(RECORDS FOR PROCESSING begins)

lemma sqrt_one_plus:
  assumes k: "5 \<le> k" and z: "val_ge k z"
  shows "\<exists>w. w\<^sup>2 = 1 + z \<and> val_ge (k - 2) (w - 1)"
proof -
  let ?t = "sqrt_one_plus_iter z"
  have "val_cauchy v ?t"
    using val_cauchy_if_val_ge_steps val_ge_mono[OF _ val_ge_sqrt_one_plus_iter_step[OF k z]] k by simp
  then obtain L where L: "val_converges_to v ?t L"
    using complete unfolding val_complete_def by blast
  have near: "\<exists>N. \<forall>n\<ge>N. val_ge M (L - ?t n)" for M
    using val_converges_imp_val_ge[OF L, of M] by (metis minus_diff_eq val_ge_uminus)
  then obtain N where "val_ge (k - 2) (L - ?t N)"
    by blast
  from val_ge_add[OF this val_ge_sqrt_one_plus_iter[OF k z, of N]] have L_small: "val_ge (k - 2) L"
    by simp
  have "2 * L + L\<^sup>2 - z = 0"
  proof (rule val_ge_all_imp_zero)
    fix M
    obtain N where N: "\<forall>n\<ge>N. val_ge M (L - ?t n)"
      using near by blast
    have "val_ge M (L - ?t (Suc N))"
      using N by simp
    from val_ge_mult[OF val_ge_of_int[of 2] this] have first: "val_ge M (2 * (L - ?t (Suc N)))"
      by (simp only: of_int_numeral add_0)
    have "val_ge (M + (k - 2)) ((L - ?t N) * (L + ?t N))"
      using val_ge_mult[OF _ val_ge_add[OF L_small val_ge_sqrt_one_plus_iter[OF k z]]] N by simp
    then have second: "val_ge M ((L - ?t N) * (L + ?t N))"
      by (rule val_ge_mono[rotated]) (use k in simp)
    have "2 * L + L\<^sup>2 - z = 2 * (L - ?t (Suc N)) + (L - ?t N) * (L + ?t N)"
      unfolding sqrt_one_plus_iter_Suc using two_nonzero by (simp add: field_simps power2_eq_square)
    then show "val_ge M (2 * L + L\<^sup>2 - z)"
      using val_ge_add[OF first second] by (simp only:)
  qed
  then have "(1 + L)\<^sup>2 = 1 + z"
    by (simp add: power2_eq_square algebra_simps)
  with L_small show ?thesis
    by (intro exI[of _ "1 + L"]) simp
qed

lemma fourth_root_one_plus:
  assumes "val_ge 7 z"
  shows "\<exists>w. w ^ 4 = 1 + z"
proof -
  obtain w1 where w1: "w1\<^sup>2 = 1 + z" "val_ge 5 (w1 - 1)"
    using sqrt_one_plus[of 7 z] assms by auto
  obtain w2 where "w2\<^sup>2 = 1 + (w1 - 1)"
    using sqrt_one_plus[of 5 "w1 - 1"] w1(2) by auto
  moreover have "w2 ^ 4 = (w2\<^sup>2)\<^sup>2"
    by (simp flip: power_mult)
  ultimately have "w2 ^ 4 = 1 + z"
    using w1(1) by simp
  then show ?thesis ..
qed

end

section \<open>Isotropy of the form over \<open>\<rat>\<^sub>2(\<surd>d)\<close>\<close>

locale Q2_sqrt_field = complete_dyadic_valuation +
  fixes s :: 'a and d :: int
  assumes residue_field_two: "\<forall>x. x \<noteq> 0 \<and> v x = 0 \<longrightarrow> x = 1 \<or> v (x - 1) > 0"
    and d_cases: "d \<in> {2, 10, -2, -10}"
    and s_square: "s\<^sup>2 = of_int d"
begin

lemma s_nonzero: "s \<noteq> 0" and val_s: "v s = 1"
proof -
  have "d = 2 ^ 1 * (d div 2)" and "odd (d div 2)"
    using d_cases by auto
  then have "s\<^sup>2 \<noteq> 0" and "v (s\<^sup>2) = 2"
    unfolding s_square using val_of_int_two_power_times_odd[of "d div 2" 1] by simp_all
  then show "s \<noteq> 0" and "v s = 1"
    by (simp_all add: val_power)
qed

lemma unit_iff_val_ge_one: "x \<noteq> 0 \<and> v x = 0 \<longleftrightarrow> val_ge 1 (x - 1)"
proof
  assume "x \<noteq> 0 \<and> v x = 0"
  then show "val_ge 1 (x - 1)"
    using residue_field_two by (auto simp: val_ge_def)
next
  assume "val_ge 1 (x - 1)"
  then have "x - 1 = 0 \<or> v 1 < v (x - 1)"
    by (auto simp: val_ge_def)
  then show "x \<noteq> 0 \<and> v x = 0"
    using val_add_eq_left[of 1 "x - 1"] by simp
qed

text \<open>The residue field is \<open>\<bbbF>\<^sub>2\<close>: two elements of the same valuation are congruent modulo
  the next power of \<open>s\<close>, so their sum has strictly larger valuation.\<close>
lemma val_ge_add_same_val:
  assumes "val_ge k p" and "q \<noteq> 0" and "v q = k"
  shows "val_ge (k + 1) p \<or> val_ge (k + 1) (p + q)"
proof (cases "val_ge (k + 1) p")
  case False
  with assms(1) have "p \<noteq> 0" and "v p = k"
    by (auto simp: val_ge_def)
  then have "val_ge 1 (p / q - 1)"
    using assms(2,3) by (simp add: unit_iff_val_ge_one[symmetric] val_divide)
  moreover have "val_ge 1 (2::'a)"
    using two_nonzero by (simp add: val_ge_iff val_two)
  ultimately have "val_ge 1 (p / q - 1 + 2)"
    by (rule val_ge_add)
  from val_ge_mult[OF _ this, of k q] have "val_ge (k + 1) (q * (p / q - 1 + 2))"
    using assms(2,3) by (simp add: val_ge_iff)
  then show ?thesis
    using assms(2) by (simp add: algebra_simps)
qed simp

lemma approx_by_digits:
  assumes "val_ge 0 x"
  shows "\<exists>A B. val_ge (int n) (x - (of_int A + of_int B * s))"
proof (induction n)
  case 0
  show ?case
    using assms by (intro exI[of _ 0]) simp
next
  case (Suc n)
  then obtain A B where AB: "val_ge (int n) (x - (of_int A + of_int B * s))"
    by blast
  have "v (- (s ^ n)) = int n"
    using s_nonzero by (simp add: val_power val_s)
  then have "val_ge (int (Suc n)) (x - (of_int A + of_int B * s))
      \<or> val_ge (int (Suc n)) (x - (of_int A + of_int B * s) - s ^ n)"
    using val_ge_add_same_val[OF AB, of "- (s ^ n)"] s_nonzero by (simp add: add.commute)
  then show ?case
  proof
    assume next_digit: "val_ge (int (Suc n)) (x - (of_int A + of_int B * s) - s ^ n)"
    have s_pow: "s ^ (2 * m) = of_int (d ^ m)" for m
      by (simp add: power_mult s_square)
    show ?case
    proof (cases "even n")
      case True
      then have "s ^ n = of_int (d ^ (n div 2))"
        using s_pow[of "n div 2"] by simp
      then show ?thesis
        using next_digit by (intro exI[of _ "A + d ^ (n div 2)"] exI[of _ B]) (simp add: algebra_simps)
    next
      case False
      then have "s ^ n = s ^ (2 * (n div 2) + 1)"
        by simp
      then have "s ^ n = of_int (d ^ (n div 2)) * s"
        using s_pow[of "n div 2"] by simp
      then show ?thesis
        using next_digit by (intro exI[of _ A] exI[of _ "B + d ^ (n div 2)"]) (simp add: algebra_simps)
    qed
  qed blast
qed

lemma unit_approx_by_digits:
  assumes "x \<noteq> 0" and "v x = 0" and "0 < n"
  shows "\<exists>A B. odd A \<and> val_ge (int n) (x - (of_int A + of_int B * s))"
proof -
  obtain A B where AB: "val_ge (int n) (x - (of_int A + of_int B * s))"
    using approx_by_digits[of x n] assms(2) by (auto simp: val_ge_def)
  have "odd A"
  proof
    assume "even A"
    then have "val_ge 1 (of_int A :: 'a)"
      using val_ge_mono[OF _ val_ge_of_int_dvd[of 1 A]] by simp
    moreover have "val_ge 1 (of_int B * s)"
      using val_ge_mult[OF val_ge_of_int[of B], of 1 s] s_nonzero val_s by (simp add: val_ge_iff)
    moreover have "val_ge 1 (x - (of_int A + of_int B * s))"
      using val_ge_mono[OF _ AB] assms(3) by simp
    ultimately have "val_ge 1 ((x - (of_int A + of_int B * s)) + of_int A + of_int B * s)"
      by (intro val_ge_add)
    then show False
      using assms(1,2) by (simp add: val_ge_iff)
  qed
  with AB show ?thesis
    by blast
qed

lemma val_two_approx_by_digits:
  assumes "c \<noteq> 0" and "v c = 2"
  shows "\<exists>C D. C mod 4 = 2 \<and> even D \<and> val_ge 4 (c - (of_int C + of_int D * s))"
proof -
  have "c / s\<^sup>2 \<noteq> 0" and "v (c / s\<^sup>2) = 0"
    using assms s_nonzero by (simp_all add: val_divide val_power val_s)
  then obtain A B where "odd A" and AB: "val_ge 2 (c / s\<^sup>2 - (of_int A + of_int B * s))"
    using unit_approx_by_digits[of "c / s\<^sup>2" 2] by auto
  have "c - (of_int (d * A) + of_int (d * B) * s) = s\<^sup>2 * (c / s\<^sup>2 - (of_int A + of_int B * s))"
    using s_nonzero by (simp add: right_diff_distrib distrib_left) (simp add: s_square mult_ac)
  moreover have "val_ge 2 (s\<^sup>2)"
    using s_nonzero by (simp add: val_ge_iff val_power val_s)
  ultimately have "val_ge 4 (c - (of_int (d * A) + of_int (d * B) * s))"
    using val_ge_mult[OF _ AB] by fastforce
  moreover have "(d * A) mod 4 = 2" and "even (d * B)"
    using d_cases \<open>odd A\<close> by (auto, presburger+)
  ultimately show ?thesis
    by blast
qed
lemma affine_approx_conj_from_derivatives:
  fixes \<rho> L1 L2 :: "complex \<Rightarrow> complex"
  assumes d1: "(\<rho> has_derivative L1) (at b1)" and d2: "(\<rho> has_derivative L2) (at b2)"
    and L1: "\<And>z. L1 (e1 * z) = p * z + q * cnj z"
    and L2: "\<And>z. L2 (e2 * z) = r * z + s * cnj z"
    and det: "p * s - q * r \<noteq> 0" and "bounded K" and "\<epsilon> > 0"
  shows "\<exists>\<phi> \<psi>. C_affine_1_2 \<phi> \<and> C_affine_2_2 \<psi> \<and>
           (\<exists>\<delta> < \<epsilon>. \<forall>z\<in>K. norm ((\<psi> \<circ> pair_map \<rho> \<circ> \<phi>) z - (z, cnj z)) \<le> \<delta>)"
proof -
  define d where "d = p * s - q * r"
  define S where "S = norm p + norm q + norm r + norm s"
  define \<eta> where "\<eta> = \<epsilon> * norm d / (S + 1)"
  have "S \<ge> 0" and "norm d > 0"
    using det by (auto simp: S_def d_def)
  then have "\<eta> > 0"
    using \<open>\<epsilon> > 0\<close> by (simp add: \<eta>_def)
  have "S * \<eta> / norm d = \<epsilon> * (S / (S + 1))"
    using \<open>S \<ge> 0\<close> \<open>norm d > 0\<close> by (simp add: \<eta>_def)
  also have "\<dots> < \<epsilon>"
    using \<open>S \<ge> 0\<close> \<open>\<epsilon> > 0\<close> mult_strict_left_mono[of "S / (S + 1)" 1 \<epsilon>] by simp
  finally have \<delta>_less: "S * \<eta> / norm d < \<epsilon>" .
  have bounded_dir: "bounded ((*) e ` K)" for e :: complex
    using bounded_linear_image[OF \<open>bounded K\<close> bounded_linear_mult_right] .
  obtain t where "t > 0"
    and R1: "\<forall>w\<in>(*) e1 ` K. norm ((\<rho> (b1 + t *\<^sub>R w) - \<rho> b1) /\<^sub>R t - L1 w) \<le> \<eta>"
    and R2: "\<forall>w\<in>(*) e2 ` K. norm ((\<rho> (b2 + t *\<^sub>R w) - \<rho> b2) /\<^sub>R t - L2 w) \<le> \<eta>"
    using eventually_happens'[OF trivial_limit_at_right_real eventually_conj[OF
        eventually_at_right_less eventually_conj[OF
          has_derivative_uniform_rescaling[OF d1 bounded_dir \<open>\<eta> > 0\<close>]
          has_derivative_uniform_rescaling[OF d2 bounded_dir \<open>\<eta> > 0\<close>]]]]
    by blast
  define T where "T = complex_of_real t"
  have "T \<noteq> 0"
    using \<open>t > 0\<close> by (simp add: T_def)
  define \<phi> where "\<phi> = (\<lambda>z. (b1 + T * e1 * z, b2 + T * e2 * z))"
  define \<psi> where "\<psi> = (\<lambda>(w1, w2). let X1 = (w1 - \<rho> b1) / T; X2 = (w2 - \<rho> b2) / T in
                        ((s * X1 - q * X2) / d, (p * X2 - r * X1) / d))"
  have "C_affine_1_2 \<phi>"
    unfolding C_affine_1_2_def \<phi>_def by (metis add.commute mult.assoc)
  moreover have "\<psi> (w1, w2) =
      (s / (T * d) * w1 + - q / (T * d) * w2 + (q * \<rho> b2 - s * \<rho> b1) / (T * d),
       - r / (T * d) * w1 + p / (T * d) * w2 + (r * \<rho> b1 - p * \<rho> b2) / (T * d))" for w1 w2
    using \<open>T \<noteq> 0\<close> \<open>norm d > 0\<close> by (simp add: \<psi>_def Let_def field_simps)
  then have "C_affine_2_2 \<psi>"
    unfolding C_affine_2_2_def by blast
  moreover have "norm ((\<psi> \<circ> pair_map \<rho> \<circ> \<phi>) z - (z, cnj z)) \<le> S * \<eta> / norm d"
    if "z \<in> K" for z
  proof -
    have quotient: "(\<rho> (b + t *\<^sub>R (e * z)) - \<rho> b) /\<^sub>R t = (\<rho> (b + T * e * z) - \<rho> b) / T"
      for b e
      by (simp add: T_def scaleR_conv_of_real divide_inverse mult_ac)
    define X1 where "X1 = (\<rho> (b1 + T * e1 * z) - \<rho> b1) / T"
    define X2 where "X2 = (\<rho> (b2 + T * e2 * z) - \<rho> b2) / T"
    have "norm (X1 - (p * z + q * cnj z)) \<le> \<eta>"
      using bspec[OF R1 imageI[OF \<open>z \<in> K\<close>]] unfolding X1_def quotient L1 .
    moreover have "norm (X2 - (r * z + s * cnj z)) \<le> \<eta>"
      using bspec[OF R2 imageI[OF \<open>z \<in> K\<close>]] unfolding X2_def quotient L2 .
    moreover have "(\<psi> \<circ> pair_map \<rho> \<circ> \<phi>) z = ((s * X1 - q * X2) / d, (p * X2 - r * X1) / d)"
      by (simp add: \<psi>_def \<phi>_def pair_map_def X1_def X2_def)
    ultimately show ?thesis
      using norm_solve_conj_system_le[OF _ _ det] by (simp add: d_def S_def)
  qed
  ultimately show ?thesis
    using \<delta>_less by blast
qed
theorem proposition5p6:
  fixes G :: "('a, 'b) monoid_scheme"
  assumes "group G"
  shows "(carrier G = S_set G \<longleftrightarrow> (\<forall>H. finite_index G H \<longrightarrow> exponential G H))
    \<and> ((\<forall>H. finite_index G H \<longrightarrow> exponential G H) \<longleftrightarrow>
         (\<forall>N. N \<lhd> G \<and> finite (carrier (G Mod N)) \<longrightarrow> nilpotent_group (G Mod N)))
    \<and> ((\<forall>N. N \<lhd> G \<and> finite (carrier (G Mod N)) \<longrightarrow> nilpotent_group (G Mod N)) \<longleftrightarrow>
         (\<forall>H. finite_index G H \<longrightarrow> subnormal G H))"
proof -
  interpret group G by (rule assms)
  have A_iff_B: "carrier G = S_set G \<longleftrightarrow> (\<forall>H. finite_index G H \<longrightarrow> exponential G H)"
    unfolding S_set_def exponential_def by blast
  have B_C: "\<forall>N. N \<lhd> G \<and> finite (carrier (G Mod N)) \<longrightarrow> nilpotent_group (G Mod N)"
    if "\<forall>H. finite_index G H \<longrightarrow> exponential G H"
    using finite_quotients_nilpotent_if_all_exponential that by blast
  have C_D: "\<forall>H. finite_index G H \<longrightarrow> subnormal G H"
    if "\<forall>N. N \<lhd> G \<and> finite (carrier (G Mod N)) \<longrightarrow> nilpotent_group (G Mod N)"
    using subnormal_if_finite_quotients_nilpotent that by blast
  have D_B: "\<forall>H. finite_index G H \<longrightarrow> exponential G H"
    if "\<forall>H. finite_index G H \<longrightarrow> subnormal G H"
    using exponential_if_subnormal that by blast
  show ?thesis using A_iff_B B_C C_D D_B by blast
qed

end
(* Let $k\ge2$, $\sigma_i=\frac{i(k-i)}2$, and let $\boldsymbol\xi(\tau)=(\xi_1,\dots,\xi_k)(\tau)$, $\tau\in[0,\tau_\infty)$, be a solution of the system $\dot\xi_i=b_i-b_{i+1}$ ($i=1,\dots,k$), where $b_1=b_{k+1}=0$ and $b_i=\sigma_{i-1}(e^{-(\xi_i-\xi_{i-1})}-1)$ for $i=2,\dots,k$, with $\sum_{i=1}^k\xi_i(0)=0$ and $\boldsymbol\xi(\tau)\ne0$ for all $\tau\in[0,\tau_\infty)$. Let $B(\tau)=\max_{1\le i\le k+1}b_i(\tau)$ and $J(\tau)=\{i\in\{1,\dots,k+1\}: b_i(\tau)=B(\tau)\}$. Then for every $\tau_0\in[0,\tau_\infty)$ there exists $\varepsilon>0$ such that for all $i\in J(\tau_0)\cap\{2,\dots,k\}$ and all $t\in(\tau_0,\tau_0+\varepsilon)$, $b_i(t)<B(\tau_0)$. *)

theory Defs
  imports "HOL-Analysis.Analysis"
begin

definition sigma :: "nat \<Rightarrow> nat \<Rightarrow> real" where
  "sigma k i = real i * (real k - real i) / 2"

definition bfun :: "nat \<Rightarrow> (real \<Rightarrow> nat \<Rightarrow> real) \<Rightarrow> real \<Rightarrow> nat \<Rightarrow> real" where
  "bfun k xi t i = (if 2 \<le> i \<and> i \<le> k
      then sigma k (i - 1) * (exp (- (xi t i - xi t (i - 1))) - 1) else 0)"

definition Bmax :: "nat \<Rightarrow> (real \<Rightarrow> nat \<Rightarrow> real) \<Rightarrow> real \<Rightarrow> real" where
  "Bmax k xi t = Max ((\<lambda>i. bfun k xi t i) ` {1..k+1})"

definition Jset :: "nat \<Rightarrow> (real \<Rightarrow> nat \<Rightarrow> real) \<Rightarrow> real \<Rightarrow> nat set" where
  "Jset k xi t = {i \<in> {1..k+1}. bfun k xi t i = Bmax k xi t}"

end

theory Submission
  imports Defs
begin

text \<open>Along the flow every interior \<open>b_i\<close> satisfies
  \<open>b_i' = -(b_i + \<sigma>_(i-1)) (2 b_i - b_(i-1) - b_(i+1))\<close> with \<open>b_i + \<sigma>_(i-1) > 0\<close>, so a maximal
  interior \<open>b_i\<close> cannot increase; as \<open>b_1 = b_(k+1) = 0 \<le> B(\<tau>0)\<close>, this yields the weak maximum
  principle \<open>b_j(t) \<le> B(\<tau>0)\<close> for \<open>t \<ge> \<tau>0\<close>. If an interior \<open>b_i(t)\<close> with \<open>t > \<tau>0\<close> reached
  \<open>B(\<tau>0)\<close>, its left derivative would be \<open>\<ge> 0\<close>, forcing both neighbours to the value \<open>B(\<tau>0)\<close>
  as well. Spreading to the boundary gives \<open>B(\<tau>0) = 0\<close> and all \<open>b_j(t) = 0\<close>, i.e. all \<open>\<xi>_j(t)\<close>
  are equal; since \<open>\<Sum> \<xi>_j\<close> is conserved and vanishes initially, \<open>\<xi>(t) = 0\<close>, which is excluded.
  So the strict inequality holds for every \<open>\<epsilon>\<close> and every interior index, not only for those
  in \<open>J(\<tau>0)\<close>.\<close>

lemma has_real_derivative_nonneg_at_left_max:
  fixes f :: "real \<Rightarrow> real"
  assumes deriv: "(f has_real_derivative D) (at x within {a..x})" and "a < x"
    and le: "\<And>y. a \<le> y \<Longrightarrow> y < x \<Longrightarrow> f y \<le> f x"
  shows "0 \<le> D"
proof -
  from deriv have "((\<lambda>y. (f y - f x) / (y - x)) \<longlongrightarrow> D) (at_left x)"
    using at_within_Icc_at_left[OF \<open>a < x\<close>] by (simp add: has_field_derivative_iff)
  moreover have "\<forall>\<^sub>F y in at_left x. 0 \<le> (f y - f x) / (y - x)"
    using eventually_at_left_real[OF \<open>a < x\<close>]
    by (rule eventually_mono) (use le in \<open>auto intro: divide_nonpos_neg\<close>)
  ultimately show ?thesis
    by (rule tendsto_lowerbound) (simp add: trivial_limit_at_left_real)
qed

(RECORDS FOR PROCESSING ends)

◆ ASSIGNED TASK ◆
In the entries above, one line contains "eventually_at_right_less eventually_conj[OF" and another contains "(s / (T * d) * w1". Reproduce exactly those two lines and the lines between them, nothing else.

◆ RESPONSE ◆
        eventually_at_right_less eventually_conj[OF
          has_derivative_uniform_rescaling[OF d1 bounded_dir \<open>\<eta> > 0\<close>]
          has_derivative_uniform_rescaling[OF d2 bounded_dir \<open>\<eta> > 0\<close>]]]]
    by blast
  define T where "T = complex_of_real t"
  have "T \<noteq> 0"
    using \<open>t > 0\<close> by (simp add: T_def)
  define \<phi> where "\<phi> = (\<lambda>z. (b1 + T * e1 * z, b2 + T * e2 * z))"
  define \<psi> where "\<psi> = (\<lambda>(w1, w2). let X1 = (w1 - \<rho> b1) / T; X2 = (w2 - \<rho> b2) / T in
                        ((s * X1 - q * X2) / d, (p * X2 - r * X1) / d))"
  have "C_affine_1_2 \<phi>"
    unfolding C_affine_1_2_def \<phi>_def by (metis add.commute mult.assoc)
  moreover have "\<psi> (w1, w2) =
      (s / (T * d) * w1 + - q / (T * d) * w2 + (q * \<rho> b2 - s * \<rho> b1) / (T * d),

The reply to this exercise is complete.